== DATA FOR PROCESSING

lemma std_restr_concat:
  assumes Y: "Y \<subseteq> {1..deg a}" "Y' \<subseteq> {1..deg b}"
    and ab: "deg ab = deg a + deg b" "opens ab = concat_opens P a b"
    and ab': "deg ab' = card Y + card Y'" "opens ab' = concat_opens P' (std_restr a Y) (std_restr b Y')"
    and transfer: "(\<lambda>(U, V). (std_map Y ` (U \<inter> Y), std_map Y' ` (V \<inter> Y'))) ` {(U, V) \<in> opens a \<times> opens b. P U V}
      = {(U', V') \<in> opens (std_restr a Y) \<times> opens (std_restr b Y'). P' U' V'}"
  shows "std_restr ab (Y \<union> shift Y' (deg a)) = ab'"
proof (rule ftop_eqI)
  let ?W = "Y \<union> shift Y' (deg a)"
  have W: "?W \<subseteq> {1..deg ab}" using Un_shift_subset_interval[OF Y] ab(1) by simp
  show "deg (std_restr ab ?W) = deg ab'"
    using W Y ab' by (simp add: deg_std_restr card_Un_shift)
  let ?I = "{(U, V) \<in> opens a \<times> opens b. P U V}"
    and ?std = "\<lambda>(U, V). (std_map Y ` (U \<inter> Y), std_map Y' ` (V \<inter> Y'))"
    and ?cat = "\<lambda>n (U, V). U \<union> shift V n"
  have "std_map ?W ` (?cat (deg a) p \<inter> ?W) = ?cat (card Y) (?std p)" if p: "p \<in> ?I" for p
  proof -
    obtain U V where "p = (U, V)" "U \<subseteq> {1..deg a}" "V \<subseteq> {1..deg b}"
      using p opens_subset by blast
    then show ?thesis using std_map_image_Un_shift_Int[OF Y] by simp
  qed
  then have "opens (std_restr ab ?W) = ?cat (card Y) ` ?std ` ?I"
    unfolding opens_std_restr_image[OF W] ab(2) concat_opens_image image_image
    by (rule image_cong[OF refl])
  also have "\<dots> = opens ab'"
    unfolding transfer ab'(2) concat_opens_image using Y by (simp add: deg_std_restr)
  finally show "opens (std_restr ab ?W) = opens ab'" .
qed

lemma top_delta_concat:
  fixes mu :: "ftop \<Rightarrow> ftop \<Rightarrow> ftop"
  assumes ab: "deg ab = deg a + deg b" "opens ab = concat_opens P a b"
    and std: "\<And>Y Y'. Y \<subseteq> {1..deg a} \<Longrightarrow> Y' \<subseteq> {1..deg b} \<Longrightarrow>
      std_restr ab (Y \<union> shift Y' (deg a)) = mu (std_restr a Y) (std_restr b Y')"
  shows "(top_delta ab :: _ \<Rightarrow>\<^sub>0 'k::field) = (\<Sum>(U, V) \<in> {(U, V) \<in> opens a \<times> opens b. P U V}.
           bvec (mu (std_compl a U) (std_compl b V), mu (std_restr a U) (std_restr b V)))"
proof -
  let ?h = "\<lambda>(U, V). U \<union> shift V (deg a)" and ?I = "{(U, V) \<in> opens a \<times> opens b. P U V}"
  have inj: "inj_on ?h ?I"
    by (rule inj_onI) (auto dest: Un_shift_eq_iff[OF opens_subset opens_subset opens_subset opens_subset])
  have vals: "bvec (std_compl ab (?h p), std_restr ab (?h p)) = (\<lambda>(U, V).
      (bvec (mu (std_compl a U) (std_compl b V), mu (std_restr a U) (std_restr b V)) :: _ \<Rightarrow>\<^sub>0 'k)) p"
    if p: "p \<in> ?I" for p
  proof -
    obtain U V where UV: "p = (U, V)" "U \<subseteq> {1..deg a}" "V \<subseteq> {1..deg b}"
      using p opens_subset by blast
    have "{1..deg ab} - (U \<union> shift V (deg a)) = ({1..deg a} - U) \<union> shift ({1..deg b} - V) (deg a)"
      using interval_Diff_Un_shift[OF UV(2,3)] ab(1) by simp
    then show ?thesis using UV std[of "{1..deg a} - U" "{1..deg b} - V"] std[OF UV(2,3)] by auto
  qed
  have "top_delta ab = (\<Sum>X \<in> ?h ` ?I. (bvec (std_compl ab X, std_restr ab X) :: _ \<Rightarrow>\<^sub>0 'k))"
    unfolding top_delta_def ab(2) concat_opens_image ..
  also have "\<dots> = (\<Sum>p \<in> ?I. bvec (std_compl ab (?h p), std_restr ab (?h p)))"
    by (rule sum.reindex[OF inj, unfolded comp_def])
  also have "\<dots> = (\<Sum>(U, V) \<in> ?I. bvec (mu (std_compl a U) (std_compl b V), mu (std_restr a U) (std_restr b V)))"
    by (rule sum.cong[OF refl vals])
  finally show ?thesis .
qed

lemma
  shows deg_top_dot[simp]: "deg (top_dot a b) = deg a + deg b"
    and opens_top_dot: "opens (top_dot a b) = concat_opens (\<lambda>_ _. True) a b"
proof -
  have "top_dot a b = Abs_ftop (deg a + deg b, concat_opens (\<lambda>_ _. True) a b)"
    unfolding top_dot_def concat_opens_def by simp
  moreover have "is_topo (deg a + deg b) (concat_opens (\<lambda>_ _. True) a b)"
    by (rule is_topo_concat_opens) simp_all
  ultimately show "deg (top_dot a b) = deg a + deg b" "opens (top_dot a b) = concat_opens (\<lambda>_ _. True) a b"
    by (simp_all add: deg_opens_Abs_ftop)
qed

lemma
  shows deg_top_down[simp]: "deg (top_down a b) = deg a + deg b"
    and opens_top_down: "opens (top_down a b) = concat_opens (\<lambda>U V. U = {} \<or> V = {1..deg b}) a b"
proof -
  let ?P = "\<lambda>U V. U = {} \<or> V = {1..deg b}"
  have "{U \<union> shift {1..deg b} (deg a) | U. U \<in> opens a} \<union> {shift V (deg a) | V. V \<in> opens b}
        = concat_opens ?P a b"
  proof (rule set_eqI, rule iffI)
    fix X assume "X \<in> {U \<union> shift {1..deg b} (deg a) | U. U \<in> opens a} \<union> {shift V (deg a) | V. V \<in> opens b}"
    then show "X \<in> concat_opens ?P a b"
    proof (elim UnE CollectE exE conjE)
      fix U assume "U \<in> opens a" "X = U \<union> shift {1..deg b} (deg a)"
      then show ?thesis unfolding concat_opens_def using opens_full[of b] by blast
    next
      fix V assume "V \<in> opens b" "X = shift V (deg a)"
      then have "X = {} \<union> shift V (deg a)" by simp
      then show ?thesis unfolding concat_opens_def using opens_empty[of a] \<open>V \<in> opens b\<close> by blast
    qed
  next
    fix X assume "X \<in> concat_opens ?P a b"
    then show "X \<in> {U \<union> shift {1..deg b} (deg a) | U. U \<in> opens a} \<union> {shift V (deg a) | V. V \<in> opens b}"
      unfolding concat_opens_def by auto
  qed
  then have "top_down a b = Abs_ftop (deg a + deg b, concat_opens ?P a b)"
    unfolding top_down_def by simp
  moreover have "is_topo (deg a + deg b) (concat_opens ?P a b)"
    by (rule is_topo_concat_opens) (auto dest!: opens_subset)
  ultimately show "deg (top_down a b) = deg a + deg b" "opens (top_down a b) = concat_opens ?P a b"
    by (simp_all add: deg_opens_Abs_ftop)
qed

lemma top_dot_one_left[simp]: "top_dot top_one a = a"
  and top_dot_one_right[simp]: "top_dot a top_one = a"
  and top_down_one_left[simp]: "top_down top_one a = a"
  and top_down_one_right[simp]: "top_down a top_one = a"
  by (auto intro!: ftop_eqI simp: opens_top_dot opens_top_down concat_opens_def)

lemma top_dot_assoc: "top_dot (top_dot a b) c = top_dot a (top_dot b c)"
proof (rule ftop_eqI)
  show "opens (top_dot (top_dot a b) c) = opens (top_dot a (top_dot b c))"
    unfolding opens_top_dot[of _ c] opens_top_dot[of a]
    by (rule concat_opens_assoc) (simp_all add: opens_top_dot)
qed simp

lemma top_down_assoc: "top_down (top_down a b) c = top_down a (top_down b c)"
proof (rule ftop_eqI)
  have full_iff: "V \<union> shift W (deg b) = {1..deg b + deg c} \<longleftrightarrow> V = {1..deg b} \<and> W = {1..deg c}"
    if "V \<in> opens b" "W \<in> opens c" for V W
  proof -
    have full: "{1..deg b + deg c} = {1..deg b} \<union> shift {1..deg c} (deg b)" by (rule interval_Un_shift)
    show ?thesis unfolding full
      using Un_shift_eq_iff[OF opens_subset[OF that(1)] subset_refl opens_subset[OF that(2)] subset_refl] by blast
  qed
  show "opens (top_down (top_down a b) c) = opens (top_down a (top_down b c))"
    unfolding opens_top_down[of _ c] opens_top_down[of a]
    by (rule concat_opens_assoc) (use full_iff full_iff[OF opens_empty] in \<open>auto simp: opens_top_down shift_def\<close>)
qed simp

lemma unital_assoc_top_dot: "unital_assoc top_dot top_one TYPE('k::field)"
  by (rule unital_assocI) (simp_all add: top_dot_assoc)

lemma unital_assoc_top_down: "unital_assoc top_down top_one TYPE('k::field)"
  by (rule unital_assocI) (simp_all add: top_down_assoc)

lemma alg_mult_top_dot_assoc:
  "alg_mult top_dot (alg_mult top_dot x y) (z :: _ \<Rightarrow>\<^sub>0 'k::field) = alg_mult top_dot x (alg_mult top_dot y z)"
  and alg_mult_top_dot_one_left[simp]: "alg_mult top_dot (bvec top_one) x = x"
  and alg_mult_top_dot_one_right[simp]: "alg_mult top_dot x (bvec top_one) = x"
  using unital_assoc_top_dot[where 'k = 'k] unfolding unital_assoc_def by blast+
(* Let $(P,\cdot)$ be a strong order-preserving partial action of a monoid $T$ on a poset $P$. Then there is a globalisation $(\iota,\mathbf{P},\diamond)$ of $(P,\cdot)$ such that $\mathbf{P}$ is a poset, $\iota:P\to\mathbf{P}$ is an order-embedding whose image $P\iota$ is an order ideal of $\mathbf{P}$, and $(\mathbf{P},\diamond)$ is an order-preserving (total) action of $T$.
   Context: A partial action of a monoid $T$ on a set $X$ is a partial map $T\times X\to X$, $(t,x)\mapsto t\cdot x$, such that $1\cdot x$ is defined and equals $x$ for all $x$, and whenever $t\cdot x$ and $s\cdot(t\cdot x)$ are defined, $st\cdot x$ is defined and $s\cdot(t\cdot x)=st\cdot x$. It is an action if $t\cdot x$ is always defined. It is strong if whenever $t\cdot x$ and $st\cdot x$ are defined, $s\cdot(t\cdot x)$ is defined. A (partial) action on a poset is order-preserving if whenever $x\le y$ and $t\cdot y$ is defined, $t\cdot x$ is defined and $t\cdot x\le t\cdot y$. A globalisation of a partial action $(X,\cdot)$ of $T$ is a triple $(\iota,\mathbf{X},\ast)$ with $\iota:X\to\mathbf{X}$ injective and $(\mathbf{X},\ast)$ an action of $T$ such that for all $t\in T$, $x\in X$: $t\cdot x$ is defined iff $t\ast x\iota\in X\iota$, and in that case $(t\cdot x)\iota=t\ast x\iota$. An order ideal of a poset is a down-closed subset. *)

theory Defs
  imports Main
begin

definition partial_action :: "'a set \<Rightarrow> ('m::monoid_mult \<Rightarrow> 'a \<Rightarrow> 'a option) \<Rightarrow> bool" where
  "partial_action X act \<longleftrightarrow>
     (\<forall>t x y. act t x = Some y \<longrightarrow> x \<in> X \<and> y \<in> X) \<and>
     (\<forall>x\<in>X. act 1 x = Some x) \<and>
     (\<forall>s t x y z. act t x = Some y \<longrightarrow> act s y = Some z \<longrightarrow> act (s * t) x = Some z)"

definition strong_partial_action :: "('m::monoid_mult \<Rightarrow> 'a \<Rightarrow> 'a option) \<Rightarrow> bool" where
  "strong_partial_action act \<longleftrightarrow>
     (\<forall>s t x y. act t x = Some y \<longrightarrow> act (s * t) x \<noteq> None \<longrightarrow> act s y \<noteq> None)"

definition order_preserving_partial_action ::
    "'a rel \<Rightarrow> ('m \<Rightarrow> 'a \<Rightarrow> 'a option) \<Rightarrow> bool" where
  "order_preserving_partial_action le act \<longleftrightarrow>
     (\<forall>t x y y'. (x, y) \<in> le \<longrightarrow> act t y = Some y' \<longrightarrow>
        (\<exists>x'. act t x = Some x' \<and> (x', y') \<in> le))"

definition monoid_action :: "'b set \<Rightarrow> ('m::monoid_mult \<Rightarrow> 'b \<Rightarrow> 'b) \<Rightarrow> bool" where
  "monoid_action Y act \<longleftrightarrow>
     (\<forall>t. \<forall>y\<in>Y. act t y \<in> Y) \<and>
     (\<forall>y\<in>Y. act 1 y = y) \<and>
     (\<forall>s t. \<forall>y\<in>Y. act s (act t y) = act (s * t) y)"

definition order_preserving_action :: "'b set \<Rightarrow> 'b rel \<Rightarrow> ('m \<Rightarrow> 'b \<Rightarrow> 'b) \<Rightarrow> bool" where
  "order_preserving_action Y le act \<longleftrightarrow>
     (\<forall>t. \<forall>x\<in>Y. \<forall>y\<in>Y. (x, y) \<in> le \<longrightarrow> (act t x, act t y) \<in> le)"

definition globalisation ::
    "'a set \<Rightarrow> ('m::monoid_mult \<Rightarrow> 'a \<Rightarrow> 'a option) \<Rightarrow> ('a \<Rightarrow> 'b) \<Rightarrow> 'b set \<Rightarrow> ('m \<Rightarrow> 'b \<Rightarrow> 'b) \<Rightarrow> bool" where
  "globalisation X act iota Y star \<longleftrightarrow>
     inj_on iota X \<and> iota ` X \<subseteq> Y \<and> monoid_action Y star \<and>
     (\<forall>t. \<forall>x\<in>X. (act t x \<noteq> None \<longleftrightarrow> star t (iota x) \<in> iota ` X) \<and>
                  (act t x \<noteq> None \<longrightarrow> iota (the (act t x)) = star t (iota x)))"

definition order_embedding :: "'a set \<Rightarrow> 'a rel \<Rightarrow> 'b rel \<Rightarrow> ('a \<Rightarrow> 'b) \<Rightarrow> bool" where
  "order_embedding X le le' f \<longleftrightarrow>
     (\<forall>x\<in>X. \<forall>y\<in>X. (x, y) \<in> le \<longleftrightarrow> (f x, f y) \<in> le')"

definition order_ideal :: "'b set \<Rightarrow> 'b rel \<Rightarrow> 'b set \<Rightarrow> bool" where
  "order_ideal Y le I \<longleftrightarrow> I \<subseteq> Y \<and> (\<forall>y\<in>Y. \<forall>z\<in>I. (y, z) \<in> le \<longrightarrow> y \<in> I)"

end

theory Submission
  imports Defs
begin

text \<open>A point \<open>x\<close> is represented by the graph of the partial map \<open>u \<mapsto> u\<cdot>x\<close>, and the
  formal translate of \<open>x\<close> by \<open>t\<close> by the graph of \<open>u \<mapsto> (u t)\<cdot>x\<close>; the monoid acts on these
  graphs by translating the first coordinate.  Strongness (together with the composition axiom)
  ensures that, when \<open>t\<cdot>x = y\<close> is defined, the graph of \<open>u \<mapsto> (u t)\<cdot>x\<close> coincides with that
  of \<open>u \<mapsto> u\<cdot>y\<close>, so the total action extends the partial one.  Order preservation
  of the partial action makes the embedding monotone, and a graph below the graph of a point is
  defined at \<open>1\<close>, hence is itself the graph of a point.\<close>

definition shifted_graph :: "('m::monoid_mult \<Rightarrow> 'a \<Rightarrow> 'a option) \<Rightarrow> 'm \<Rightarrow> 'a \<Rightarrow> ('m \<times> 'a) set" where
  "shifted_graph act t x = {(u, y). act (u * t) x = Some y}"

abbreviation point_graph :: "('m::monoid_mult \<Rightarrow> 'a \<Rightarrow> 'a option) \<Rightarrow> 'a \<Rightarrow> ('m \<times> 'a) set" where
  "point_graph act x \<equiv> shifted_graph act 1 x"

definition shifted_graphs :: "'a set \<Rightarrow> ('m::monoid_mult \<Rightarrow> 'a \<Rightarrow> 'a option) \<Rightarrow> ('m \<times> 'a) set set" where
  "shifted_graphs X act = {shifted_graph act t x | t x. x \<in> X}"

definition shift :: "'m::monoid_mult \<Rightarrow> ('m \<times> 'a) set \<Rightarrow> ('m \<times> 'a) set" where
  "shift t S = {(u, y). (u * t, y) \<in> S}"

definition graph_order ::
    "'a set \<Rightarrow> ('m::monoid_mult \<Rightarrow> 'a \<Rightarrow> 'a option) \<Rightarrow> 'a rel \<Rightarrow> ('m \<times> 'a) set rel" where
  "graph_order X act le =
     {(S, S'). S \<in> shifted_graphs X act \<and> S' \<in> shifted_graphs X act \<and>
        (\<forall>u y'. (u, y') \<in> S' \<longrightarrow> (\<exists>y. (u, y) \<in> S \<and> (y, y') \<in> le))}"

lemma partial_action_mult:
  "partial_action X act \<Longrightarrow> act t x = Some y \<Longrightarrow> act s y = Some z \<Longrightarrow> act (s * t) x = Some z"
  unfolding partial_action_def by blast

lemma partial_action_closed:
  "partial_action X act \<Longrightarrow> act t x = Some y \<Longrightarrow> x \<in> X \<and> y \<in> X"
  unfolding partial_action_def by blast

lemma partial_action_one: "partial_action X act \<Longrightarrow> x \<in> X \<Longrightarrow> act 1 x = Some x"
  unfolding partial_action_def by blast

lemma mem_shifted_graph_iff: "(u, y) \<in> shifted_graph act t x \<longleftrightarrow> act (u * t) x = Some y"
  by (simp add: shifted_graph_def)

lemma mem_point_graph_iff: "(u, y) \<in> point_graph act x \<longleftrightarrow> act u x = Some y"
  by (simp add: mem_shifted_graph_iff)

lemma shifted_graph_functional:
  "(u, y) \<in> shifted_graph act t x \<Longrightarrow> (u, y') \<in> shifted_graph act t x \<Longrightarrow> y = y'"
  by (simp add: mem_shifted_graph_iff)

lemma shifted_graph_values:
  assumes "partial_action X act" "(u, y) \<in> shifted_graph act t x"
  shows "y \<in> X"
  using partial_action_closed[OF assms(1)] assms(2) by (simp add: mem_shifted_graph_iff)

lemma self_mem_point_graph:
  assumes "partial_action X act" "x \<in> X"
  shows "(1, x) \<in> point_graph act x"
  using partial_action_one[OF assms] by (simp add: mem_point_graph_iff)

====

* EXERCISE DESCRIPTION
Your task is to return each line of the data above that contains the string "total".

* REPLY TO THE TASK
(* Let $(P,\cdot)$ be a strong order-preserving partial action of a monoid $T$ on a poset $P$. Then there is a globalisation $(\iota,\mathbf{P},\diamond)$ of $(P,\cdot)$ such that $\mathbf{P}$ is a poset, $\iota:P\to\mathbf{P}$ is an order-embedding whose image $P\iota$ is an order ideal of $\mathbf{P}$, and $(\mathbf{P},\diamond)$ is an order-preserving (total) action of $T$.
  of \<open>u \<mapsto> u\<cdot>y\<close>, so the total action extends the partial one.  Order preservation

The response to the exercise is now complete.